On returning from mass, Bernadette begged Marie and Jeanne and two or three other children to insist with her mother and persuade her to take off the prohibition and permit them to return to the cliffs of Massabielle.

"Perhaps it may be some wicked thing," said the children.

Bernadette answered that she was not afraid, for it had such a wonderfully kind face.

"At all events," replied the children, who, better taught than the poor shepherdess of Bartrès, knew something of the catechism—"at all events, we must throw some holy water at it. If it comes from the devil, it will go away. Say to it, 'If you come from God, approach! If you come from the devil, be off!'"

This is not the precise formula for exorcism; but these little theologians of Lourdes could not have reasoned better in this matter, if they had been doctors of the Sorbonne.

It was therefore decided, in this juvenile council, that one of them should carry the holy water. A certain feeling of apprehension had stolen over Bernadette on account of this talk. Nevertheless it only remained to obtain permission.

The children assembled after dinner to ask for it. The mother was still unwilling to remove the prohibition, alleging that the Gave ran close to the cliffs of Massabielle, and that there might be danger; that the hour for vespers was near at hand, and that they ought not to run the risk of being late; and that the whole story was pure childish prattle, etc. But every body knows what a regiment of children can do. All promised to be careful, to be quick, etc., and the matter ended by the mother's yielding.

The little band went to the church, and there prayed for some time. One of Bernadette's companions had provided a small bottle. It was now filled with holy water.

On arriving at the grotto, nothing was to be seen.

"Let us pray," said Bernadette, "and recite the rosary."

The children knelt and began the rosary, each to herself.

Suddenly the face of Bernadette appeared to be transfigured. Extraordinary emotion was manifested on her features, and her countenance seemed to shine with heavenly light.

With feet resting upon the rock, clad as formerly, the marvellous apparition again stood before her.

"Look! look!" she cried, "there it is!"

Alas! the vision of the other children was not miraculously cleared from the film which hides glorified bodies from our sight. The little girls saw nothing but the lonely rock and thebranches of eglantine, which descended to the foot of that mysterious niche, where Bernadette contemplated an unknown being. The features of Bernadette wore an expression that made it impossible to doubt that she really saw something. One of the children placed the bottle of holy water in her hands. Then, Bernadette, remembering what she had promised, arose and sprinkled the wonderful lady, who stood in the niche before her.

"If you come from God, approach!" said the little girl. And, at her words, the Blessed Virgin advanced close to the edge of the rock. She seemed to smile at the precautions of Bernadette, and, at the sacred name of God, her face shone even brighter than before.

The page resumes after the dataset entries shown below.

(* Assume $\gamma\|A\|^2<1$ and $\gamma\|A+\bar A\|^2<1$. If $(u_1,u_2)\in\mathcal U^{open}_{ad}$ is an open-loop Nash equilibrium for the zero-sum game and $p$ is the corresponding adjoint process, then for all $t\ge0$, $\mathbb P$-almost surely, $$B_1^\top p_t+2R_1u_{1,t}+\bar B_1^\top\bar p_t+2\bar R_1\bar u_{1,t}=0,\qquad B_2^\top p_t-2R_2u_{2,t}+\bar B_2^\top\bar p_t-2\bar R_2\bar u_{2,t}=0.$$
   Context: Fix integers $d,\ell\ge 1$, $\gamma\in(0,1]$, matrices $A,\bar A\in\mathbb R^{d\times d}$, $B_1,\bar B_1,B_2,\bar B_2\in\mathbb R^{d\times \ell}$, symmetric $Q,\bar Q\in\mathbb R^{d\times d}$, symmetric $R_1,\bar R_1,R_2,\bar R_2\in\mathbb R^{\ell\times\ell}$ with $R_i$, $R_i+\bar R_i$ positive definite. Probability space $(\Omega,\mathcal F,\mathbb P)=(\Omega^0\times\Omega^1,\mathcal F^0\otimes\mathcal F^1,\mathbb P^0\otimes\mathbb P^1)$; noises $\epsilon^0_t(\omega)=\tilde\epsilon^0_t(\omega^0)$, $\epsilon^1_t(\omega)=\tilde\epsilon^1_t(\omega^1)$, $t\ge0$, with $(\tilde\epsilon^j_t)_{t\ge1}$ i.i.d. mean-zero square integrable in $\mathbb R^d$ and $\tilde\epsilon^j_0\sim\mu^j_0$ (square integrable, mean zero) independent of them. $\mathcal F_t=\sigma(\epsilon^0_s,\epsilon^1_s:s\le t)$; $\bar\xi=\mathbb E[\xi\mid\mathcal F^0]$. $\mathcal U$ ($\mathcal X$): $\mathbb R^\ell$- ($\mathbb R^d$-)valued adapted processes with $\mathbb E[\sup_{t\le T}\gamma^t\|u_t\|^2]<\infty$ for all $T$ and $\mathbb E\sum_t\gamma^t\|u_t\|^2<\infty$. State: $x_0=\epsilon^0_0+\epsilon^1_0$, $x_{t+1}=Ax_t+\bar A\bar x_t+B_1u_{1,t}+\bar B_1\bar u_{1,t}+B_2u_{2,t}+\bar B_2\bar u_{2,t}+\epsilon^0_{t+1}+\epsilon^1_{t+1}$; $\mathcal U^{open}_{ad}=\{(u_1,u_2)\in\mathcal U^2:x\in\mathcal X\}$. Utility $J(u_1,u_2)=\mathbb E\sum_{t\ge0}\gamma^tc_t$, $c_t=(x_t-\bar x_t)^\top Q(x_t-\bar x_t)+\bar x_t^\top(Q+\bar Q)\bar x_t+(u_{1,t}-\bar u_{1,t})^\top R_1(u_{1,t}-\bar u_{1,t})+\bar u_{1,t}^\top(R_1+\bar R_1)\bar u_{1,t}-(u_{2,t}-\bar u_{2,t})^\top R_2(u_{2,t}-\bar u_{2,t})-\bar u_{2,t}^\top(R_2+\bar R_2)\bar u_{2,t}$. An open-loop Nash equilibrium is $(u_1,u_2)\in\mathcal U^{open}_{ad}$ with $J(u_1,u_2')\le J(u_1,u_2)\le J(u_1',u_2)$ for all $u_1',u_2'\in\mathcal U$. An adjoint process is an $\mathbb R^d$-valued adapted $p$ with $p_t=\gamma\mathbb E[A^\top p_{t+1}+2Qx_{t+1}+\bar A^\top\bar p_{t+1}+2\bar Q\bar x_{t+1}\mid\mathcal F_t]$ for all $t\ge 0$. *)

theory Defs
  imports "HOL-Probability.Probability"
begin

definition mat_norm :: "real^'n^'m \<Rightarrow> real" where
  "mat_norm A = onorm (\<lambda>x. A *v x)"

definition pos_def :: "real^'n^'n \<Rightarrow> bool" where
  "pos_def R \<longleftrightarrow> (\<forall>v. v \<noteq> 0 \<longrightarrow> v \<bullet> (R *v v) > 0)"

definition symm :: "real^'n^'n \<Rightarrow> bool" where
  "symm R \<longleftrightarrow> transpose R = R"

definition vcond_exp :: "'w measure \<Rightarrow> 'w measure \<Rightarrow> ('w \<Rightarrow> real^'k) \<Rightarrow> 'w \<Rightarrow> real^'k" where
  "vcond_exp M F X = (\<lambda>w. \<chi> i. real_cond_exp M F (\<lambda>v. X v $ i) w)"

definition noise_assm :: "'a measure \<Rightarrow> (nat \<Rightarrow> 'a \<Rightarrow> real^'d) \<Rightarrow> bool" where
  "noise_assm M e \<longleftrightarrow> prob_space M \<and>
     (\<forall>t. e t \<in> borel_measurable M) \<and>
     prob_space.indep_vars M (\<lambda>_. borel) e UNIV \<and>
     (\<forall>t\<ge>1. distr M borel (e t) = distr M borel (e 1)) \<and>
     (\<forall>t. integrable M (e t) \<and> integral\<^sup>L M (e t) = 0) \<and>
     (\<forall>t. integrable M (\<lambda>w. (norm (e t w))\<^sup>2))"

definition F0 :: "'a measure \<Rightarrow> 'b measure \<Rightarrow> ('a \<times> 'b) measure" where
  "F0 M0 M1 = vimage_algebra (space (M0 \<Otimes>\<^sub>M M1)) fst M0"

definition filt :: "'a measure \<Rightarrow> 'b measure \<Rightarrow> (nat \<Rightarrow> 'a \<Rightarrow> real^'d) \<Rightarrow> (nat \<Rightarrow> 'b \<Rightarrow> real^'d)
    \<Rightarrow> nat \<Rightarrow> ('a \<times> 'b) measure" where
  "filt M0 M1 e0 e1 t = sigma (space (M0 \<Otimes>\<^sub>M M1))
     ((\<Union>s\<in>{..t}. {(\<lambda>w. e0 s (fst w)) -` B \<inter> space (M0 \<Otimes>\<^sub>M M1) | B. B \<in> sets borel}) \<union>
      (\<Union>s\<in>{..t}. {(\<lambda>w. e1 s (snd w)) -` B \<inter> space (M0 \<Otimes>\<^sub>M M1) | B. B \<in> sets borel}))"

definition proc_class :: "'w measure \<Rightarrow> (nat \<Rightarrow> 'w measure) \<Rightarrow> real \<Rightarrow> (nat \<Rightarrow> 'w \<Rightarrow> real^'k) \<Rightarrow> bool" where
  "proc_class M F \<gamma> u \<longleftrightarrow>
     (\<forall>t. u t \<in> borel_measurable (F t)) \<and>
     (\<forall>T. (\<integral>\<^sup>+ w. ennreal (Max {\<gamma>^t * (norm (u t w))\<^sup>2 | t. t \<le> T}) \<partial>M) < \<infinity>) \<and>
     (\<integral>\<^sup>+ w. (\<Sum>t. ennreal (\<gamma>^t * (norm (u t w))\<^sup>2)) \<partial>M) < \<infinity>"

primrec state ::
  "'w measure \<Rightarrow> 'w measure \<Rightarrow> (nat \<Rightarrow> 'w \<Rightarrow> real^'d) \<Rightarrow>
   real^'d^'d \<Rightarrow> real^'d^'d \<Rightarrow> real^'l^'d \<Rightarrow> real^'l^'d \<Rightarrow> real^'l^'d \<Rightarrow> real^'l^'d \<Rightarrow>
   (nat \<Rightarrow> 'w \<Rightarrow> real^'l) \<Rightarrow> (nat \<Rightarrow> 'w \<Rightarrow> real^'l) \<Rightarrow> nat \<Rightarrow> 'w \<Rightarrow> real^'d" where
  "state M G eps A Ab B1 Bb1 B2 Bb2 u1 u2 0 = eps 0"
| "state M G eps A Ab B1 Bb1 B2 Bb2 u1 u2 (Suc t) =
     (\<lambda>w. A *v state M G eps A Ab B1 Bb1 B2 Bb2 u1 u2 t w
        + Ab *v vcond_exp M G (state M G eps A Ab B1 Bb1 B2 Bb2 u1 u2 t) w
        + B1 *v u1 t w + Bb1 *v vcond_exp M G (u1 t) w
        + B2 *v u2 t w + Bb2 *v vcond_exp M G (u2 t) w
        + eps (Suc t) w)"

definition run_cost ::
  "'w measure \<Rightarrow> 'w measure \<Rightarrow> real^'d^'d \<Rightarrow> real^'d^'d \<Rightarrow> real^'l^'l \<Rightarrow> real^'l^'l \<Rightarrow>
   real^'l^'l \<Rightarrow> real^'l^'l \<Rightarrow> ('w \<Rightarrow> real^'d) \<Rightarrow> ('w \<Rightarrow> real^'l) \<Rightarrow> ('w \<Rightarrow> real^'l) \<Rightarrow> 'w \<Rightarrow> real" where
  "run_cost M G Q Qb R1 Rb1 R2 Rb2 x v1 v2 w =
     (let xb = vcond_exp M G x w; v1b = vcond_exp M G v1 w; v2b = vcond_exp M G v2 w in
       (x w - xb) \<bullet> (Q *v (x w - xb)) + xb \<bullet> ((Q + Qb) *v xb)
     + (v1 w - v1b) \<bullet> (R1 *v (v1 w - v1b)) + v1b \<bullet> ((R1 + Rb1) *v v1b)
     - (v2 w - v2b) \<bullet> (R2 *v (v2 w - v2b)) - v2b \<bullet> ((R2 + Rb2) *v v2b))"

end

(*
  Perturb one player's control by c v at a single time s, with v an F_s-measurable direction.
  The state is affine in the controls, so the cost J is a quadratic polynomial in c, and the
  saddle-point inequalities force its linear coefficient to vanish. Pairing the state response
  with the adjoint equation and summing by parts identifies this coefficient as
  gamma^s E[g_s . v], where g_s is the left-hand side of the claimed identity; the boundary term
  vanishes because p and the response are discounted square summable, which is where
  gamma ||A||^2 < 1 and gamma ||A + Ab||^2 < 1 enter. On the product space, conditioning on the
  common noise preserves F_s-measurability, so g_s itself is an admissible direction, and v = g_s
  gives E |g_s|^2 = 0.
*)

theory Submission
  imports Defs
begin

lemma borel_measurable_bounded_linear:
  "bounded_linear T \<Longrightarrow> f \<in> borel_measurable N \<Longrightarrow> (\<lambda>w. T (f w)) \<in> borel_measurable N"
  by (rule borel_measurable_continuous_on[OF linear_continuous_on])

lemma borel_measurable_matrix_vector_mult [measurable (raw)]:
  "f \<in> borel_measurable N \<Longrightarrow> (\<lambda>w. (A::real^'n^'m) *v f w) \<in> borel_measurable N"
  using borel_measurable_bounded_linear[OF matrix_vector_mul_bounded_linear] .

lemma borel_measurable_vec_nth [measurable (raw)]:
  "f \<in> borel_measurable N \<Longrightarrow> (\<lambda>w. (f w :: real^'n) $ i) \<in> borel_measurable N"
  using borel_measurable_bounded_linear[OF bounded_linear_vec_nth] .

lemma borel_measurable_vec_iff:
  "(f :: 'w \<Rightarrow> real^'k) \<in> borel_measurable N \<longleftrightarrow> (\<forall>i. (\<lambda>w. f w $ i) \<in> borel_measurable N)"
proof
  assume "\<forall>i. (\<lambda>w. f w $ i) \<in> borel_measurable N"
  then show "f \<in> borel_measurable N"
    by (subst borel_measurable_euclidean_space) (auto simp: Basis_vec_def inner_axis)
qed measurable

lemma norm_sq_vec_eq_sum: "(norm (x::real^'k))\<^sup>2 = (\<Sum>i\<in>UNIV. (x$i)\<^sup>2)"
  by (simp only: power2_norm_eq_inner inner_vec_def) (simp add: power2_eq_square)

lemma norm_add_sq_le: "(norm (x + y))\<^sup>2 \<le> 2 * (norm x)\<^sup>2 + 2 * (norm (y::'a::real_normed_vector))\<^sup>2"
proof -
  have "(norm (x + y))\<^sup>2 \<le> (norm x + norm y)\<^sup>2"
    by (simp add: norm_triangle_ineq power_mono)
  also have "\<dots> \<le> 2 * (norm x)\<^sup>2 + 2 * (norm y)\<^sup>2"
    using power2_sum[of "norm x" "norm y"] sum_squares_bound[of "norm x" "norm y"] by linarith
  finally show ?thesis .
qed

lemma abs_inner_le_norm_sq_add: "\<bar>x \<bullet> y\<bar> \<le> (norm x)\<^sup>2 + (norm (y::'a::real_inner))\<^sup>2"
  using Cauchy_Schwarz_ineq2[of x y] sum_squares_bound[of "norm x" "norm y"]
    mult_nonneg_nonneg[OF norm_ge_zero norm_ge_zero, of x y] by linarith

lemma mat_norm_nonneg: "0 \<le> mat_norm (A::real^'n^'m)"
  unfolding mat_norm_def using onorm_pos_le[OF matrix_vector_mul_bounded_linear[of A]] .

lemma norm_matrix_vector_mult_le: "norm (A *v x) \<le> mat_norm A * norm x"
  for A :: "real^'n^'m"
  unfolding mat_norm_def using onorm[OF matrix_vector_mul_bounded_linear[of A]] .

lemma norm_matrix_vector_mult_sq_le: "(norm (A *v x))\<^sup>2 \<le> (mat_norm A)\<^sup>2 * (norm x)\<^sup>2"
  for A :: "real^'n^'m"
  by (metis norm_matrix_vector_mult_le norm_ge_zero power_mono power_mult_distrib)

lemma abs_inner_matrix_vector_mult_le:
  "\<bar>a \<bullet> (S *v b)\<bar> \<le> mat_norm S * ((norm a)\<^sup>2 + (norm b)\<^sup>2)"
  for S :: "real^'n^'m"
proof -
  have "\<bar>a \<bullet> (S *v b)\<bar> \<le> norm a * (mat_norm S * norm b)"
    by (rule order_trans[OF Cauchy_Schwarz_ineq2 mult_left_mono[OF norm_matrix_vector_mult_le]]) simp
  also have "\<dots> = mat_norm S * \<bar>norm a \<bullet> norm b\<bar>" by simp
  also have "\<dots> \<le> mat_norm S * ((norm a)\<^sup>2 + (norm b)\<^sup>2)"
    using abs_inner_le_norm_sq_add[of "norm a" "norm b"] by (intro mult_left_mono mat_norm_nonneg) simp_all
  finally show ?thesis .
qed

lemma symm_inner_commute: "symm P \<Longrightarrow> x \<bullet> (P *v y) = y \<bullet> (P *v x)"
  for P :: "real^'n^'n"
  by (metis dot_lmul_matrix inner_commute symm_def vector_transpose_matrix)

lemma symm_add: "symm P \<Longrightarrow> symm Pb \<Longrightarrow> symm (P + Pb)"
  unfolding symm_def by (simp add: transpose_def vec_eq_iff)

lemma AE_norm_sq_iterate_le:
  fixes y :: "nat \<Rightarrow> 'w \<Rightarrow> real^'n" and S :: "real^'n^'n"
  assumes "\<And>k. AE w in M. y (Suc k) w = S *v y k w"
  shows "AE w in M. (norm (y k w))\<^sup>2 \<le> ((mat_norm S)\<^sup>2)^k * (norm (y 0 w))\<^sup>2"
proof (induction k)
  case (Suc k)
  from Suc.IH assms[of k] show ?case
  proof eventually_elim
    case (elim w)
    have "(norm (y (Suc k) w))\<^sup>2 \<le> (mat_norm S)\<^sup>2 * (norm (y k w))\<^sup>2"
      unfolding elim(2) by (rule norm_matrix_vector_mult_sq_le)
    also have "\<dots> \<le> (mat_norm S)\<^sup>2 * (((mat_norm S)\<^sup>2)^k * (norm (y 0 w))\<^sup>2)"
      by (intro mult_left_mono elim(1)) simp
    finally show ?case by simp
  qed
qed simp

lemma nonneg_quadratic_imp_linear_zero:
  fixes L K :: real
  assumes "\<And>c. 0 \<le> c * L + c\<^sup>2 * K"
  shows "L = 0"
proof (rule ccontr)
  assume "L \<noteq> 0"
  define D where "D = \<bar>K\<bar> + 1"
  have D: "0 < D" "K \<le> D - 1" unfolding D_def by auto
  have "0 \<le> (- L / D) * L + (- L / D)\<^sup>2 * K" by (rule assms)
  also have "\<dots> = L\<^sup>2 * (K - D) / D\<^sup>2"
    using D by (simp add: field_simps power2_eq_square)
  also have "\<dots> < 0"
    using D \<open>L \<noteq> 0\<close> by (intro divide_neg_pos mult_pos_neg) auto
  finally show False by simp
qed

"If you come from God, approach!" repeated Bernadette. But, seeing the heavenly goodness and love of her glorious visitor, she felt her heart sink when about to add, "If you come from the devil, go away!" These words, which had been dictated to her, seemed monstrous in the presence of this incomparable being; and they fled from her thoughts without mounting to her lips. She prostrated herself again, and continued to recite her rosary, to which the Blessed Virgin seemed to listen, telling also her own. At the end of her prayer, the apparition vanished.

Returning to Lourdes, Bernadette was full of joy. She rehearsed in the secrecy of her heart these extraordinary scenes. Her companions felt a sort of terror in her presence. The transfiguration of the countenance of Bernadette had convinced them of the reality of the supernatural vision. And every thing that surpasses nature brings with it a sense of awe. "Let not the Lord speak to us lest we die," said the Jews of the Old Testament.

"We are afraid, Bernadette. Never go to that place again. Perhaps what you have seen will do us mischief." So said the timid companions of the little seer.

According to their promise, the children returned in time for vespers. When they were over, numbers of people came out to walk and enjoy the last rays of the sun, so delightful on these fine winter days. The story of the little girls was told among various groups of walkers, and passed from mouth to mouth. Thus it was that the rumor of these strange things began to spread in the town. The report, which at first had agitated only a humble band of children, increased like a tide-wave, and reached every fireside. Quarry-workers, (very numerous at this place,) tailors, laboring-men, peasants, servants, waiting-maids, and other poor people conversed about this matter, some believing, some denying, others openly scoffing at, and many exaggerating, the facts of this rumored apparition. With one or two exceptions, the bourgeoisie did not pay the least attention to all this talk. Strange to say, the father and mother of Bernadette, while they confided fully in her sincerity, regarded the apparition as an illusion.

"She is only a child," they said. "She thinks she has seen something; but she has seen nothing. It is only the imagination of a little girl." Nevertheless, the extraordinary precision of Bernadette's recital startled them. At times, won by the earnest accents of their daughter, they felt their incredulity shaken. And while they desired that she should not revisit the grotto, they did not dare to forbid her. She did not do so, however, until Thursday.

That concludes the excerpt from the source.